▶ **TASK TO COMPLETE**: Every line containing "proof" should be identified and copied from the data below.

▶ **DATA EXCERPTS**:
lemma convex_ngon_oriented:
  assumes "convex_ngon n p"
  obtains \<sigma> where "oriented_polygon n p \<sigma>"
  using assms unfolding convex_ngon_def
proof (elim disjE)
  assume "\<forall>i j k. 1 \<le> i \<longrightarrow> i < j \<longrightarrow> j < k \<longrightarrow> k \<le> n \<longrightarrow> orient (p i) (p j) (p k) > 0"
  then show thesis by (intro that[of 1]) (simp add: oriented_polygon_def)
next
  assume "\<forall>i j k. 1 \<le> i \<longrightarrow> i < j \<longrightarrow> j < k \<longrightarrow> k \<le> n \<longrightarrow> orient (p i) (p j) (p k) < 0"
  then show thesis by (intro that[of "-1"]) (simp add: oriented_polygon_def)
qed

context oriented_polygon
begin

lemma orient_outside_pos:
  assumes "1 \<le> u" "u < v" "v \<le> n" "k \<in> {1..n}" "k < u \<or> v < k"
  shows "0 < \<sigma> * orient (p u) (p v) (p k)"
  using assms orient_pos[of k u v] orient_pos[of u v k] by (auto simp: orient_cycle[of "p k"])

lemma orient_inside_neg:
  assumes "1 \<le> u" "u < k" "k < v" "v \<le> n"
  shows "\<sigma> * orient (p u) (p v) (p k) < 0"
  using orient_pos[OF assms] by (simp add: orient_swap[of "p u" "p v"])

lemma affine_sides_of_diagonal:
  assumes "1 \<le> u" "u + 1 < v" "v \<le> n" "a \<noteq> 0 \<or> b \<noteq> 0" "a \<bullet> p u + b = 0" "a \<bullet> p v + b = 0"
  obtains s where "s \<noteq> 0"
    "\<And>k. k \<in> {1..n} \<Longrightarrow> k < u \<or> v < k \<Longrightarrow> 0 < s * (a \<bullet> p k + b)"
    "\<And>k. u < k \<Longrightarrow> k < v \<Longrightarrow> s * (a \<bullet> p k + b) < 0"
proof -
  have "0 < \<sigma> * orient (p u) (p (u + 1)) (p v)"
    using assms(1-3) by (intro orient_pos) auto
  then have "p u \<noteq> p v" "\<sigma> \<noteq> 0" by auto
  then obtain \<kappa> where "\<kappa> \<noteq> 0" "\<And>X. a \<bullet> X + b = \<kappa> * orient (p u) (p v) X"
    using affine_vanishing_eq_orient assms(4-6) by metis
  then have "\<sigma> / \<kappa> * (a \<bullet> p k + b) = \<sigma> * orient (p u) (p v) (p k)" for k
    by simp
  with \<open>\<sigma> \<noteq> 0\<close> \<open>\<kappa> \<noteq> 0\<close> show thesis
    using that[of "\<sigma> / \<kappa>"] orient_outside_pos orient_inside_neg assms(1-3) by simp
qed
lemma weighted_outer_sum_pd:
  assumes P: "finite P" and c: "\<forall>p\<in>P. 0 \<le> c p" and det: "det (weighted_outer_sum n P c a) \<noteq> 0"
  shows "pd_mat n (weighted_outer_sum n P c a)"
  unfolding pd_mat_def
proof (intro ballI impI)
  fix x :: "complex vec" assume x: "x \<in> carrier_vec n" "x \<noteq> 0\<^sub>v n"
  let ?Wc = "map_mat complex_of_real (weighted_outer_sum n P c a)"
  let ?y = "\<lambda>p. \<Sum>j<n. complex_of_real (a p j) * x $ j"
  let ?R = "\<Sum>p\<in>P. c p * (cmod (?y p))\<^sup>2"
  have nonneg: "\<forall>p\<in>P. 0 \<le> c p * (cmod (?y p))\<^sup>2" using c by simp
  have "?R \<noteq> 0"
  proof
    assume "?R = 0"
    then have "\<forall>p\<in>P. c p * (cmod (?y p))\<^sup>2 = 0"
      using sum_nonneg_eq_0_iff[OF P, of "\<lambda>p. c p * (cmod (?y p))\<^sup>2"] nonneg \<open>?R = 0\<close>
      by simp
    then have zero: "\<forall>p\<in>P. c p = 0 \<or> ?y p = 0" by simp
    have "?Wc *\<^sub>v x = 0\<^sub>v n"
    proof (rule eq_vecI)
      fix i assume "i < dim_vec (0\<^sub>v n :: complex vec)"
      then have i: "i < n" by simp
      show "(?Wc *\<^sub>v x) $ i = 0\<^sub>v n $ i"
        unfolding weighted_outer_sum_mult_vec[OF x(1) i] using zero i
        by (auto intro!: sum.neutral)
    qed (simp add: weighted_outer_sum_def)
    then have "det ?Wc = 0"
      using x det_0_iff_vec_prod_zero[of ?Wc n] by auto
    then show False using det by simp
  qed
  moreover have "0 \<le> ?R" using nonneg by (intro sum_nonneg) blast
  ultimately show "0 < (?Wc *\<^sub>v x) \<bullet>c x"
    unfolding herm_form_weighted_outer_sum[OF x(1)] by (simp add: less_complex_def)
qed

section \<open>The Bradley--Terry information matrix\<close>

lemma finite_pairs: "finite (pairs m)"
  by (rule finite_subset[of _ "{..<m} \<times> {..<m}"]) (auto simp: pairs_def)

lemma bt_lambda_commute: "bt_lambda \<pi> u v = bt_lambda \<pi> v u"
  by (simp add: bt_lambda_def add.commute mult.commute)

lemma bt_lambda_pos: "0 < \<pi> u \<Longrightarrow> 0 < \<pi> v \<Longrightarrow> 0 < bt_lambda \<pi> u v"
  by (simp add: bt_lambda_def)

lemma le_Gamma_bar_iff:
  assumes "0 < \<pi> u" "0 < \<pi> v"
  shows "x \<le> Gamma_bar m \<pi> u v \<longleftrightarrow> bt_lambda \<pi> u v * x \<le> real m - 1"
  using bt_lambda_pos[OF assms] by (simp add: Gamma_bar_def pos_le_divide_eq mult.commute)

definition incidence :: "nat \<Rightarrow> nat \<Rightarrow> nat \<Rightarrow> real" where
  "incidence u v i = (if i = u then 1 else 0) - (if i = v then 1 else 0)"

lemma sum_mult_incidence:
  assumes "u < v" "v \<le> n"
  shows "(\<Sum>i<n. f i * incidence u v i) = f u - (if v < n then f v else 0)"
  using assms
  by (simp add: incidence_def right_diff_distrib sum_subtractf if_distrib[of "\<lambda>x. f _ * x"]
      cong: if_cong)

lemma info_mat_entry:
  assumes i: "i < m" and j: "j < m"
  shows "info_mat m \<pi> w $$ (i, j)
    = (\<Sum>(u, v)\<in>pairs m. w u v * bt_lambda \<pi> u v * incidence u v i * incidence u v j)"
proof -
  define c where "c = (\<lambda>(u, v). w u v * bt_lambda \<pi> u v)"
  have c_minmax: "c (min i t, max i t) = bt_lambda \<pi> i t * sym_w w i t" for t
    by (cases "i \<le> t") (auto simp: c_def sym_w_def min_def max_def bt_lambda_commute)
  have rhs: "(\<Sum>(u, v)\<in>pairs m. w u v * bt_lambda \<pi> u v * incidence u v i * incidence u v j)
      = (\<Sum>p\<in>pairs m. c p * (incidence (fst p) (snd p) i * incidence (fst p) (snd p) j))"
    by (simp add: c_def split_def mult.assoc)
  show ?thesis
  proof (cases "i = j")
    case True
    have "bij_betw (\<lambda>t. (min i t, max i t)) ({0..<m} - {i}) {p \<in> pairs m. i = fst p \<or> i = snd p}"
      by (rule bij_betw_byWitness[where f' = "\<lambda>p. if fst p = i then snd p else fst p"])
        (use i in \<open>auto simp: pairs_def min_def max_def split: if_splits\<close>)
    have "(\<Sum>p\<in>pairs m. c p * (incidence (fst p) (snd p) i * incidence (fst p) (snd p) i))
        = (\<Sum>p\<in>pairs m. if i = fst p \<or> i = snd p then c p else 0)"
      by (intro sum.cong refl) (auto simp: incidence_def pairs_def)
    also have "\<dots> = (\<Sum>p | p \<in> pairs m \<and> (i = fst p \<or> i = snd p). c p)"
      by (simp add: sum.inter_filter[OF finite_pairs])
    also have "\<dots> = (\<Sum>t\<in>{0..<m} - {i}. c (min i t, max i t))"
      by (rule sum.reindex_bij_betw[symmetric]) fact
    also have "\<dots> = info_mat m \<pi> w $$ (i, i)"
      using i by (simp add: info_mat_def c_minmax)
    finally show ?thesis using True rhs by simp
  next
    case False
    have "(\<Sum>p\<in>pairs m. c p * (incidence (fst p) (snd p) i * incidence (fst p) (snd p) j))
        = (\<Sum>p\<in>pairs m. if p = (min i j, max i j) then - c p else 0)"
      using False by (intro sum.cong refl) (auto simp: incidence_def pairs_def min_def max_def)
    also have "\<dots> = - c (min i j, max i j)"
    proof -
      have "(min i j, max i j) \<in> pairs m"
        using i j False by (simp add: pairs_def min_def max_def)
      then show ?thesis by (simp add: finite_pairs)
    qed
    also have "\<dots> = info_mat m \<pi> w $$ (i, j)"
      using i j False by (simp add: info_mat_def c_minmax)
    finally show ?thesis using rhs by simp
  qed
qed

▶ **RESPONSE BOX**:
proof (elim disjE)
proof -
proof (intro ballI impI)
  proof
    proof (rule eq_vecI)
proof -
  proof (cases "i = j")
    proof -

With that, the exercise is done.